### Study material

__________

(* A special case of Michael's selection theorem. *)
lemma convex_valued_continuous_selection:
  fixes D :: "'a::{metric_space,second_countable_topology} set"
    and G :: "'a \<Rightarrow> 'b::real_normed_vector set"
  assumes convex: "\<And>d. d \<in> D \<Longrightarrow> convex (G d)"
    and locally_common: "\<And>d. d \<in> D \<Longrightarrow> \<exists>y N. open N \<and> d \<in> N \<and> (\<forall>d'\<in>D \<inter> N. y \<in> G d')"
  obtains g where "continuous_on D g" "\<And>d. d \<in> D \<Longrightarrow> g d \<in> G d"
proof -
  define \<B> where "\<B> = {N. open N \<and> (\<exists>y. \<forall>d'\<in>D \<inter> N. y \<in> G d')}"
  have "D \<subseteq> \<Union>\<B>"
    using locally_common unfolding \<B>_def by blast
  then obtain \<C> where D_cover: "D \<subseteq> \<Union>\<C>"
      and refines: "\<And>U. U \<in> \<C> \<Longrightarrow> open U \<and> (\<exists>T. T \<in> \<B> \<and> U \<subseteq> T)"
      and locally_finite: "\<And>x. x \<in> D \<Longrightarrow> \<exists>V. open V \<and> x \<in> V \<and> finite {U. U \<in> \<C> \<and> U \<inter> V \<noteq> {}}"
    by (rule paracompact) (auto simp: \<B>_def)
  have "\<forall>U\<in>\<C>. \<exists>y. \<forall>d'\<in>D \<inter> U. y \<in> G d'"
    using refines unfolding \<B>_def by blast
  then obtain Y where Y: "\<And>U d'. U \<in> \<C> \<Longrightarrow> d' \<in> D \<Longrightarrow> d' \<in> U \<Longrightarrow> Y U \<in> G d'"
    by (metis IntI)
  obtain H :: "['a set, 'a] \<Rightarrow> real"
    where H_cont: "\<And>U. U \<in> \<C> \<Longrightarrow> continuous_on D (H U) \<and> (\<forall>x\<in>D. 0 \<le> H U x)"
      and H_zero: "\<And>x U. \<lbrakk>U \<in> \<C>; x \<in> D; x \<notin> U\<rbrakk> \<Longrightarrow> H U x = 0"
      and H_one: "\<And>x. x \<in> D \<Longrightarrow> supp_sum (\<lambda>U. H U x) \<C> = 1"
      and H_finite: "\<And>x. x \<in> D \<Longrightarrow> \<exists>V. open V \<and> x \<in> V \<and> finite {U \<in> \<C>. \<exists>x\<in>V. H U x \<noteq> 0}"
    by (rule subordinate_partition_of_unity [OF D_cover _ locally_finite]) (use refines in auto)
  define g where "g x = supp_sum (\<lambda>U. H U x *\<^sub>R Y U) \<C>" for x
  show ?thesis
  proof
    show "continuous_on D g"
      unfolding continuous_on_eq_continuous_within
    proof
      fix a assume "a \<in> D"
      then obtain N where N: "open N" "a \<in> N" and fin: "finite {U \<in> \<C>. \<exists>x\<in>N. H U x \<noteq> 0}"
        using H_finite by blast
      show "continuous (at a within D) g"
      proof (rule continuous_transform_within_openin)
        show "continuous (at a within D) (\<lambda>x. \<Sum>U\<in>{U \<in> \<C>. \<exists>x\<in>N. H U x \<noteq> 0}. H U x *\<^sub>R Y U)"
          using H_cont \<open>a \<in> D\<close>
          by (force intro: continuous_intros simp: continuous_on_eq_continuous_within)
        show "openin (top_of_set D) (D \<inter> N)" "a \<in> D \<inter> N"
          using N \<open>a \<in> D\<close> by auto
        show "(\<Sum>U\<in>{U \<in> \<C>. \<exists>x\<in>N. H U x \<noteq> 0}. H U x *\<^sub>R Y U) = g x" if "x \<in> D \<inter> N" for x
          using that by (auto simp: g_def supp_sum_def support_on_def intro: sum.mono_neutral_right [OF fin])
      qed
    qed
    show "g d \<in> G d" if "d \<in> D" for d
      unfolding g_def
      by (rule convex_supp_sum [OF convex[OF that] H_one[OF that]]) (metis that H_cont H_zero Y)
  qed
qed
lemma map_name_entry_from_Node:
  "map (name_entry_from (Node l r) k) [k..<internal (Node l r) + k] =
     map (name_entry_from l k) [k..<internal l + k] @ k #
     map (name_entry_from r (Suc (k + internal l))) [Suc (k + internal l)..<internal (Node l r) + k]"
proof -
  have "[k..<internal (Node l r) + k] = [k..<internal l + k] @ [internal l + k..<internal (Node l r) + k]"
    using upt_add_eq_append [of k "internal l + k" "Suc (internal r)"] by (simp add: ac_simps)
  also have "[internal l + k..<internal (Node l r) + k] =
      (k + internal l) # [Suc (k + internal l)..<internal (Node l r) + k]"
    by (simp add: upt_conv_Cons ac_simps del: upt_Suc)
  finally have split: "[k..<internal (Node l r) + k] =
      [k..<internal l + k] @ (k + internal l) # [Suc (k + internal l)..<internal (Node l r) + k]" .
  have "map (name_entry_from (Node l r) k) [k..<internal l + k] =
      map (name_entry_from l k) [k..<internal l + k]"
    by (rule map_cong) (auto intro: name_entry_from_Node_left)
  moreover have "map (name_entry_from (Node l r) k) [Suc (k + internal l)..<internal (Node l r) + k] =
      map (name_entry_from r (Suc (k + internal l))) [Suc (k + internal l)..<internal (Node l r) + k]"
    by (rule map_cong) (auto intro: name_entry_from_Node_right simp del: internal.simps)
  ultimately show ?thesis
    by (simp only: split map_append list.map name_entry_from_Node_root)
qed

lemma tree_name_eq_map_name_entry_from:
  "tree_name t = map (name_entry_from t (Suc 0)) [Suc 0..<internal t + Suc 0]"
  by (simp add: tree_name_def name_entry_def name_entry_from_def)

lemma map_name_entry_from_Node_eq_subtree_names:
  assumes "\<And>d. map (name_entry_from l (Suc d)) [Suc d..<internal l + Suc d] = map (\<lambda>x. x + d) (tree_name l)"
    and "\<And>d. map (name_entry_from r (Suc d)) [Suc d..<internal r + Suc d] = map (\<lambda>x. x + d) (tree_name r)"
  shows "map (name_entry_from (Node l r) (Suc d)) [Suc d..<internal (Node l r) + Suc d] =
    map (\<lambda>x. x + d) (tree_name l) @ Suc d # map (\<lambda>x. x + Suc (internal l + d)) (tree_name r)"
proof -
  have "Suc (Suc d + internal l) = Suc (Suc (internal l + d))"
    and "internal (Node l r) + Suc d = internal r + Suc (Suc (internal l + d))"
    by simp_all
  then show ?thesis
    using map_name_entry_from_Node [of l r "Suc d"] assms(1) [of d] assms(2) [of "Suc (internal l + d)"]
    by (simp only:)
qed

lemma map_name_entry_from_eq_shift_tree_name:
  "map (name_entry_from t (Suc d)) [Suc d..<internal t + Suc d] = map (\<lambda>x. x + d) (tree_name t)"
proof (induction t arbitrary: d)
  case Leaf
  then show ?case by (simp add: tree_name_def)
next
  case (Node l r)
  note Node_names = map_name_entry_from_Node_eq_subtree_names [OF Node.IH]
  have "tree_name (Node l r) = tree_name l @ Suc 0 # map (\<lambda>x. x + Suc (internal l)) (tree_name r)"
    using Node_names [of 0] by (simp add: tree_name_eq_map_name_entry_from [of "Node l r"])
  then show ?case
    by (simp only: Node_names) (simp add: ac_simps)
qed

__________

### Brief
Copy out each line of the data that holds the string "assumes".

### Response to this task
  assumes convex: "\<And>d. d \<in> D \<Longrightarrow> convex (G d)"
  assumes "\<And>d. map (name_entry_from l (Suc d)) [Suc d..<internal l + Suc d] = map (\<lambda>x. x + d) (tree_name l)"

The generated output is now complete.